• **INSTRUCTIONS FOR THE TASK**
In the data below, which lines hold the word "intro"? Copy them.

• **EXTRACTED RECORDS**
(* Each of the two cyclic Steiner triple systems of order $15$ on $\mathbb{Z}_{15}$, namely the one generated (under $i\mapsto i+1 \bmod 15$) by the base blocks $\{0,1,4\},\{0,2,8\},\{0,5,10\}$ and the one generated by the base blocks $\{0,1,4\},\{0,2,9\},\{0,5,10\}$, admits a zero-sum $3$-flow.
   Context: The blocks of the system generated by base blocks are all translates $\{a+i,b+i,c+i\}$ (mod 15) of the base blocks; the base block $\{0,5,10\}$ generates only 5 distinct blocks. For a design $(X,\mathcal{B})$, a zero-sum $3$-flow is a map $f:\mathcal{B}\to\{\pm1,\pm2\}$ such that $\sum_{B\ni x} f(B)=0$ for every point $x\in X$. *)

theory Defs
  imports Main
begin

definition Z15 :: "nat set" where
  "Z15 = {0..<15}"

definition translate15 :: "nat set \<Rightarrow> nat \<Rightarrow> nat set" where
  "translate15 B i = (\<lambda>b. (b + i) mod 15) ` B"

text \<open>Block set generated by base blocks: all distinct translates (as a set of blocks,
  so the short orbit of {0,5,10} contributes only 5 blocks).\<close>
definition cyclic_blocks15 :: "nat set set \<Rightarrow> nat set set" where
  "cyclic_blocks15 Bases = {translate15 B i | B i. B \<in> Bases \<and> i < 15}"

definition zero_sum_3_flow :: "'a set \<Rightarrow> 'a set set \<Rightarrow> ('a set \<Rightarrow> int) \<Rightarrow> bool" where
  "zero_sum_3_flow X Bs f \<longleftrightarrow>
     (\<forall>B\<in>Bs. f B \<in> {-2, -1, 1, 2}) \<and>
     (\<forall>x\<in>X. (\<Sum>B\<in>{B\<in>Bs. x \<in> B}. f B) = 0)"

end

theory Submission
  imports Defs
begin

(* A zero-sum 3-flow of either system cannot be invariant under translation: every point lies
   in three blocks of each orbit of length 15 and in one block of the orbit of {0,5,10}, so
   constant values a, b, c on the orbits would satisfy 3a + 3b + c = 0, forcing 3 | c. So each
   flow is given as an explicit table of weighted blocks. Blocks are encoded as strictly
   increasing lists, which identifies them with their point sets, and checking a table reduces
   to evaluating finitely many list sums. *)

definition block_weight :: "('a::linorder list \<times> int) list \<Rightarrow> 'a set \<Rightarrow> int" where
  "block_weight W B = the (map_of W (sorted_list_of_set B))"

lemma sorted_list_of_set_set_strict_sorted:
  "sorted_wrt (<) xs \<Longrightarrow> sorted_list_of_set (set xs) = xs"
  by (simp add: sorted_list_of_set_sort_remdups strict_sorted_iff distinct_remdups_id sorted_sort_id)

lemma block_weight_set:
  assumes "distinct (map fst W)" and "(t, w) \<in> set W" and "sorted_wrt (<) t"
  shows "block_weight W (set t) = w"
  using assms by (simp add: block_weight_def sorted_list_of_set_set_strict_sorted)

lemma sum_block_weight_containing:
  assumes distinct: "distinct (map fst W)" and sorted: "\<forall>t\<in>fst ` set W. sorted_wrt (<) t"
  shows "(\<Sum>B\<in>{B \<in> set ` fst ` set W. x \<in> B}. block_weight W B)
       = (\<Sum>(t, w)\<leftarrow>W. if x \<in> set t then w else 0)"
proof -
  let ?T = "fst ` set W"
  have "inj_on set ?T"
    using sorted by (auto intro!: inj_onI strict_sorted_equal)
  moreover have "{B \<in> set ` ?T. x \<in> B} = set ` {t \<in> ?T. x \<in> set t}"
    by blast
  ultimately have "(\<Sum>B\<in>{B \<in> set ` ?T. x \<in> B}. block_weight W B)
      = (\<Sum>t\<in>{t \<in> ?T. x \<in> set t}. block_weight W (set t))"
    by (simp add: sum.reindex inj_on_subset [of set ?T])
  also have "\<dots> = (\<Sum>p\<in>set W. if x \<in> set (fst p) then snd p else 0)"
  proof -
    have weight: "block_weight W (set t) = w" if "(t, w) \<in> set W" for t w
      using that distinct sorted by (force intro: block_weight_set)
    from distinct show ?thesis
      by (auto simp: sum.inter_filter sum.reindex distinct_map weight intro!: sum.cong)
  qed
  also have "\<dots> = (\<Sum>(t, w)\<leftarrow>W. if x \<in> set t then w else 0)"
    using distinct by (simp add: sum_list_distinct_conv_sum_set distinct_map split_beta)
  finally show ?thesis .
qed

lemma zero_sum_3_flow_block_weight:
  assumes "distinct (map fst W)" and "\<forall>t\<in>fst ` set W. sorted_wrt (<) t"
    and "\<forall>w\<in>snd ` set W. w \<in> {-2, -1, 1, 2}"
    and "\<forall>x\<in>X. (\<Sum>(t, w)\<leftarrow>W. if x \<in> set t then w else 0) = 0"
  shows "zero_sum_3_flow X (set ` fst ` set W) (block_weight W)"
proof -
  have "block_weight W B \<in> {-2, -1, 1, 2}" if "B \<in> set ` fst ` set W" for B
  proof -
    from that obtain t w where "(t, w) \<in> set W" and "B = set t"
      by force
    with assms(1-3) show ?thesis
      by (force simp: block_weight_set)
  qed
  with assms show ?thesis
    by (simp add: zero_sum_3_flow_def sum_block_weight_containing)
qed

definition translates15 :: "nat list \<Rightarrow> nat list list" where
  "translates15 t = map (\<lambda>i. sort (map (\<lambda>b. (b + i) mod 15) t)) [0..<15]"

lemma cyclic_blocks15_set:
  "cyclic_blocks15 (set ` set Bs) = set ` set (concat (map translates15 Bs))"
proof -
  have "cyclic_blocks15 (set ` set Bs) = {translate15 (set t) i | t i. t \<in> set Bs \<and> i < 15}"
    by (auto simp: cyclic_blocks15_def)
  also have "\<dots> = {set (sort (map (\<lambda>b. (b + i) mod 15) t)) | t i. t \<in> set Bs \<and> i < 15}"
    by (simp only: translate15_def set_sort set_map)
  also have "\<dots> = set ` set (concat (map translates15 Bs))"
    unfolding translates15_def
    by (auto simp: image_iff simp del: set_sort) (use atLeastLessThan_iff in blast)+
  finally show ?thesis .
qed

lemma cyclic_zero_sum_3_flow:
  fixes W :: "(nat list \<times> int) list"
  assumes "set (concat (map translates15 Bs)) = set (map fst W)"
    and "distinct (map fst W)" and "\<forall>t\<in>fst ` set W. sorted_wrt (<) t"
    and "\<forall>w\<in>snd ` set W. w \<in> {-2, -1, 1, 2}"
    and "\<forall>x\<in>set [0..<15]. (\<Sum>(t, w)\<leftarrow>W. if x \<in> set t then w else 0) = 0"
  shows "\<exists>f. zero_sum_3_flow Z15 (cyclic_blocks15 (set ` set Bs)) f"
proof
  show "zero_sum_3_flow Z15 (cyclic_blocks15 (set ` set Bs)) (block_weight W)"
    unfolding cyclic_blocks15_set assms(1) Z15_def
    using assms(2-5) by (simp add: zero_sum_3_flow_block_weight)
qed

definition flow_028 :: "(nat list \<times> int) list" where
  "flow_028 = [([0,1,4], -1), ([0,2,8], 1), ([0,3,14], 1), ([0,5,10], 1), ([0,6,13], 1),
    ([0,7,9], -2), ([0,11,12], -1), ([1,2,5], 1), ([1,3,9], 1), ([1,6,11], -2), ([1,7,14], 1),
    ([1,8,10], 1), ([1,12,13], -1), ([2,3,6], -1), ([2,4,10], -1), ([2,7,12], 1), ([2,9,11], 1),
    ([2,13,14], -2), ([3,4,7], -1), ([3,5,11], 1), ([3,8,13], 1), ([3,10,12], -2), ([4,5,8], -2),
    ([4,6,12], 2), ([4,9,14], 1), ([4,11,13], 2), ([5,6,9], -1), ([5,7,13], 1), ([5,12,14], -1),
    ([6,7,10], 2), ([6,8,14], -1), ([7,8,11], -2), ([8,9,12], 2), ([9,10,13], -2), ([10,11,14], 1)]"

definition flow_029 :: "(nat list \<times> int) list" where
  "flow_029 = [([0,1,4], 2), ([0,2,9], -1), ([0,3,14], 1), ([0,5,10], -1), ([0,6,8], -1),
    ([0,7,13], -1), ([0,11,12], 1), ([1,2,5], 1), ([1,3,10], -1), ([1,6,11], 2), ([1,7,9], -1),
    ([1,8,14], -1), ([1,12,13], -2), ([2,3,6], -2), ([2,4,11], -2), ([2,7,12], 1), ([2,8,10], 1),
    ([2,13,14], 2), ([3,4,7], -1), ([3,5,12], -1), ([3,8,13], 2), ([3,9,11], 2), ([4,5,8], -1),
    ([4,6,13], 1), ([4,9,14], -1), ([4,10,12], 2), ([5,6,9], 1), ([5,7,14], 2), ([5,11,13], -1),
    ([6,7,10], 1), ([6,12,14], -2), ([7,8,11], -1), ([8,9,12], 1), ([9,10,13], -1), ([10,11,14], -1)]"

theorem mainTheorem8:
  shows "(\<exists>f. zero_sum_3_flow Z15 (cyclic_blocks15 {{0,1,4}, {0,2,8}, {0,5,10}}) f)
       \<and> (\<exists>f. zero_sum_3_flow Z15 (cyclic_blocks15 {{0,1,4}, {0,2,9}, {0,5,10}}) f)"
proof -
  have "\<exists>f. zero_sum_3_flow Z15 (cyclic_blocks15 (set ` set [[0,1,4], [0,2,8], [0,5,10]])) f"
    by (rule cyclic_zero_sum_3_flow [where W = flow_028])
      (simp_all add: flow_028_def translates15_def upt_rec set_eq_subset)
  moreover have "\<exists>f. zero_sum_3_flow Z15 (cyclic_blocks15 (set ` set [[0,1,4], [0,2,9], [0,5,10]])) f"
    by (rule cyclic_zero_sum_3_flow [where W = flow_029])
      (simp_all add: flow_029_def translates15_def upt_rec set_eq_subset)
  ultimately show ?thesis
    by simp
qed

end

• **YOUR RESPONSE**
    using sorted by (auto intro!: inj_onI strict_sorted_equal)
      using that distinct sorted by (force intro: block_weight_set)
      by (auto simp: sum.inter_filter sum.reindex distinct_map weight intro!: sum.cong)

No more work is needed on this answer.